What to produce - Repeat only the stretch of lines below that runs from the line with "R \<Longrightarrow> y" through the line with "text \<open>Universal non-unital", unaltered.

The input -
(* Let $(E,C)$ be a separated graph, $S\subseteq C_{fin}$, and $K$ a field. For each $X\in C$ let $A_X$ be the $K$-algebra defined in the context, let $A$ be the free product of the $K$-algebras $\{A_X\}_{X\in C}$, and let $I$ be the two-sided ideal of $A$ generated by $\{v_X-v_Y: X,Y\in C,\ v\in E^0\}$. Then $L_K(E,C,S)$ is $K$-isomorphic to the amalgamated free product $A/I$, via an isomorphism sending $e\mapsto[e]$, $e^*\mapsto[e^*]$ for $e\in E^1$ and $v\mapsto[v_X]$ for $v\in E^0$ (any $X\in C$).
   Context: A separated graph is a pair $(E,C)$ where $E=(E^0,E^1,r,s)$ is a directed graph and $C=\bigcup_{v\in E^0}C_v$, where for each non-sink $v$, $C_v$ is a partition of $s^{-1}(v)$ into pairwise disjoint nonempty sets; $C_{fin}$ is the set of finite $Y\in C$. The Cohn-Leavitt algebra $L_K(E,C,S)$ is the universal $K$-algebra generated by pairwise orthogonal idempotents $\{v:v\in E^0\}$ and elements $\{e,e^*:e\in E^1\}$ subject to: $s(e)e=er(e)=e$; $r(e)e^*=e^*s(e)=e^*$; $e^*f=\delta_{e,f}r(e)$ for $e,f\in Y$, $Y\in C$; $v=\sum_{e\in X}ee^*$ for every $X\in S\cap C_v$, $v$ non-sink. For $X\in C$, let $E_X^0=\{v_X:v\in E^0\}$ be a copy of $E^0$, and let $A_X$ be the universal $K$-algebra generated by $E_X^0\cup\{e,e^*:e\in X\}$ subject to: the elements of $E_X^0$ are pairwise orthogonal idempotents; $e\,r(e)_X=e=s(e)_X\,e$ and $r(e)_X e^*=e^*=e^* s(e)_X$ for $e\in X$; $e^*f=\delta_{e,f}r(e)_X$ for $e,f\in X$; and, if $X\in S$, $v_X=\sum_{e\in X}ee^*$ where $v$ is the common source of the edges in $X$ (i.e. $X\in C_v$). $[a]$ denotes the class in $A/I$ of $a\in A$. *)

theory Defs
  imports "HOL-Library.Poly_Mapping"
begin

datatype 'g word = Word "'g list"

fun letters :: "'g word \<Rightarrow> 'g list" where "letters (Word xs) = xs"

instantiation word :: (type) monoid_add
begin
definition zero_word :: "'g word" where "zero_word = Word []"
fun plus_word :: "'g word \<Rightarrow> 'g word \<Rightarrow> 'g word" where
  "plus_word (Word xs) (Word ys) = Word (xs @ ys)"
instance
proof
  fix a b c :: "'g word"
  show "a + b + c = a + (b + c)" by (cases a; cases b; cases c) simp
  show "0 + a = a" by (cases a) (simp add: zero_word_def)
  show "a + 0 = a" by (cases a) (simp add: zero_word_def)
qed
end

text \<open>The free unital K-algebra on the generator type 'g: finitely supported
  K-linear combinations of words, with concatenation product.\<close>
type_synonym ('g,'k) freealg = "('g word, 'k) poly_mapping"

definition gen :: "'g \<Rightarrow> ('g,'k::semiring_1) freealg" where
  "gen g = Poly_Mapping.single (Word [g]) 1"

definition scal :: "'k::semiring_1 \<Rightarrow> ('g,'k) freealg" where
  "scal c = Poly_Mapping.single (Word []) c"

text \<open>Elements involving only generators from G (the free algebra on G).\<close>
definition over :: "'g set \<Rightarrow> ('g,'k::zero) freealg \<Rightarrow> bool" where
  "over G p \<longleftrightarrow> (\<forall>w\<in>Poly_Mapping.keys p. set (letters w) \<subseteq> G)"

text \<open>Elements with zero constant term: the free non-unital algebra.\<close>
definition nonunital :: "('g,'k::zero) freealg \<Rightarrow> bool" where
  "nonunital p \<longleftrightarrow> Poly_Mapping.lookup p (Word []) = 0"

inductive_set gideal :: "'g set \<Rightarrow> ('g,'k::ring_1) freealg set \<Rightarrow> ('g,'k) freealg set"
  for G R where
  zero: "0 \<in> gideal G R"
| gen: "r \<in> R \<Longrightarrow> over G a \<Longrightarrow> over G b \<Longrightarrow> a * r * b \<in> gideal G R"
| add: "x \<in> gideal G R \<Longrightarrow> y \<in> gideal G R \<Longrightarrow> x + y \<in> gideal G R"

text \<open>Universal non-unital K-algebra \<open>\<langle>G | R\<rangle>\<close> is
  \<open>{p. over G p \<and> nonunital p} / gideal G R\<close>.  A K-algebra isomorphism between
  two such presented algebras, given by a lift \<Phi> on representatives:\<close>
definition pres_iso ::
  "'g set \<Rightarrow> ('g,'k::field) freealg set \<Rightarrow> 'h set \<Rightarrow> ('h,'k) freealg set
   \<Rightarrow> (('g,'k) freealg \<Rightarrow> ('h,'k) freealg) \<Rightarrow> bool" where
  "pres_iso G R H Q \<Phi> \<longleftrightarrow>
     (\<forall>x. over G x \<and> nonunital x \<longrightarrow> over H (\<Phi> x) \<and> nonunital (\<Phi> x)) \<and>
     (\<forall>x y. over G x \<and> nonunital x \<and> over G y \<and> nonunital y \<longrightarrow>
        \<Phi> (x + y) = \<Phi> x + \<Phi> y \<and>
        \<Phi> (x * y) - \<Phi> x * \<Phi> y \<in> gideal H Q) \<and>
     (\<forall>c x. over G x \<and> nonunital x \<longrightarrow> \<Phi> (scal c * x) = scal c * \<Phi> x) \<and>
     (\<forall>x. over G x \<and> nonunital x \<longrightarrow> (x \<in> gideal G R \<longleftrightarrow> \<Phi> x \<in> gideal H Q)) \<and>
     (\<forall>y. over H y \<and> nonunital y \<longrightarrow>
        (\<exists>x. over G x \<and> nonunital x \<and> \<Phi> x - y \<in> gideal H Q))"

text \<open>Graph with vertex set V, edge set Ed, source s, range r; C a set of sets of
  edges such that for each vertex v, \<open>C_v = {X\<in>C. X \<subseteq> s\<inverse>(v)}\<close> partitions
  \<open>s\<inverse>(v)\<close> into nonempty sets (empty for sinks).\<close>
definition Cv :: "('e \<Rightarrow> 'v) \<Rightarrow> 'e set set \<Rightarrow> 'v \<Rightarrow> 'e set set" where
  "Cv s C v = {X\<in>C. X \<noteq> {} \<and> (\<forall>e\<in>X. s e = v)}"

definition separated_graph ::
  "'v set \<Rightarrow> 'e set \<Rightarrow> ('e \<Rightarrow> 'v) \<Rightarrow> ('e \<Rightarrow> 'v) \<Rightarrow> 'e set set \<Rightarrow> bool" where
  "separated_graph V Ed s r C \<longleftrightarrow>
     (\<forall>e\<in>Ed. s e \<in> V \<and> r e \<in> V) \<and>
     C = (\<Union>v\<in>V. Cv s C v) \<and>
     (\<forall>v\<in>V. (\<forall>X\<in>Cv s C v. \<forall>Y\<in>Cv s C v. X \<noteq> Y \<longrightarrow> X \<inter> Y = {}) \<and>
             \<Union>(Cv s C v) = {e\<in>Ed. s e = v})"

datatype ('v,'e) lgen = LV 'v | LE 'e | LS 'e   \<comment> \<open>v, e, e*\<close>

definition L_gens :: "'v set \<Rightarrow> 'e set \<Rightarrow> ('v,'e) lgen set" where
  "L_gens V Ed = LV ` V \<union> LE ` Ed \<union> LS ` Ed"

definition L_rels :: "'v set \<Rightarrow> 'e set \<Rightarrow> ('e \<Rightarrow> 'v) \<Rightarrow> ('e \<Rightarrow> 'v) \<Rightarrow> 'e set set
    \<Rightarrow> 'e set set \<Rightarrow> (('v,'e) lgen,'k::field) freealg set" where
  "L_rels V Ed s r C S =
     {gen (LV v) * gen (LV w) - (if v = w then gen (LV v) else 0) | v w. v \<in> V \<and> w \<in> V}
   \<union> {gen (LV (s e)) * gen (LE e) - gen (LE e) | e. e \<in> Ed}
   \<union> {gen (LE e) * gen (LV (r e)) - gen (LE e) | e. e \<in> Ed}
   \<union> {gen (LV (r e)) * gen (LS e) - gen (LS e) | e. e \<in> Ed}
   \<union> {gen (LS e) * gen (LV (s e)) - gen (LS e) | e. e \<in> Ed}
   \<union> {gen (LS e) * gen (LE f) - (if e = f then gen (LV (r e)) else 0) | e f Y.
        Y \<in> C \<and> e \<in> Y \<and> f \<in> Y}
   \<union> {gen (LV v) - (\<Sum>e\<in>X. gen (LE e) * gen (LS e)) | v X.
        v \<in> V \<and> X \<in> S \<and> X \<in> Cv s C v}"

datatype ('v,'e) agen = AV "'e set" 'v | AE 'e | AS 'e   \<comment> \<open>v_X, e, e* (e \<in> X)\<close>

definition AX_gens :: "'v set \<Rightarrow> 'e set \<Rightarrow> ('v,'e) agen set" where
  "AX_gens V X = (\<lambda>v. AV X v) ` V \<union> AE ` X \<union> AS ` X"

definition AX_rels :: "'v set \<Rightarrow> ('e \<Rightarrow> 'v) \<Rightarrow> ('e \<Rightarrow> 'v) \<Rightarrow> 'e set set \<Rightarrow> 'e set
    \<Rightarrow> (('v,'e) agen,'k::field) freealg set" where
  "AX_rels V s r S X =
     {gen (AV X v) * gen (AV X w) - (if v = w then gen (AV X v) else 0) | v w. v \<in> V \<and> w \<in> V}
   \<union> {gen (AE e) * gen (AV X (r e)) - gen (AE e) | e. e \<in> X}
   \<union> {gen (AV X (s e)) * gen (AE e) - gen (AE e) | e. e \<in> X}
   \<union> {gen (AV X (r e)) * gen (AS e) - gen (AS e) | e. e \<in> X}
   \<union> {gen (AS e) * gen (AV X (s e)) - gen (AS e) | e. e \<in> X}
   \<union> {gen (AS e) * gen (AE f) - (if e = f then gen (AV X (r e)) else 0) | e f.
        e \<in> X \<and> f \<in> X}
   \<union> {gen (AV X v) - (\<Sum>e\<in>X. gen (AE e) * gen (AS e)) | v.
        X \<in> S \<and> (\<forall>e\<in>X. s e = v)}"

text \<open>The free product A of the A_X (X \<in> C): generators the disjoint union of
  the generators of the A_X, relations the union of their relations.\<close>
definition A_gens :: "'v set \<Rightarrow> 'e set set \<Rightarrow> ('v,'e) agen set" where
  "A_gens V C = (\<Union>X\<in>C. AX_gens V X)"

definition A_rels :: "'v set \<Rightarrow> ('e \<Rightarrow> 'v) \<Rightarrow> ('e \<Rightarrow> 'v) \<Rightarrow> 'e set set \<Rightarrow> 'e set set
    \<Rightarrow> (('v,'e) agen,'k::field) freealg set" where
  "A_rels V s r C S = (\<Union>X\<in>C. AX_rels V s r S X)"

Response to this task -
| add: "x \<in> gideal G R \<Longrightarrow> y \<in> gideal G R \<Longrightarrow> x + y \<in> gideal G R"

text \<open>Universal non-unital K-algebra \<open>\<langle>G | R\<rangle>\<close> is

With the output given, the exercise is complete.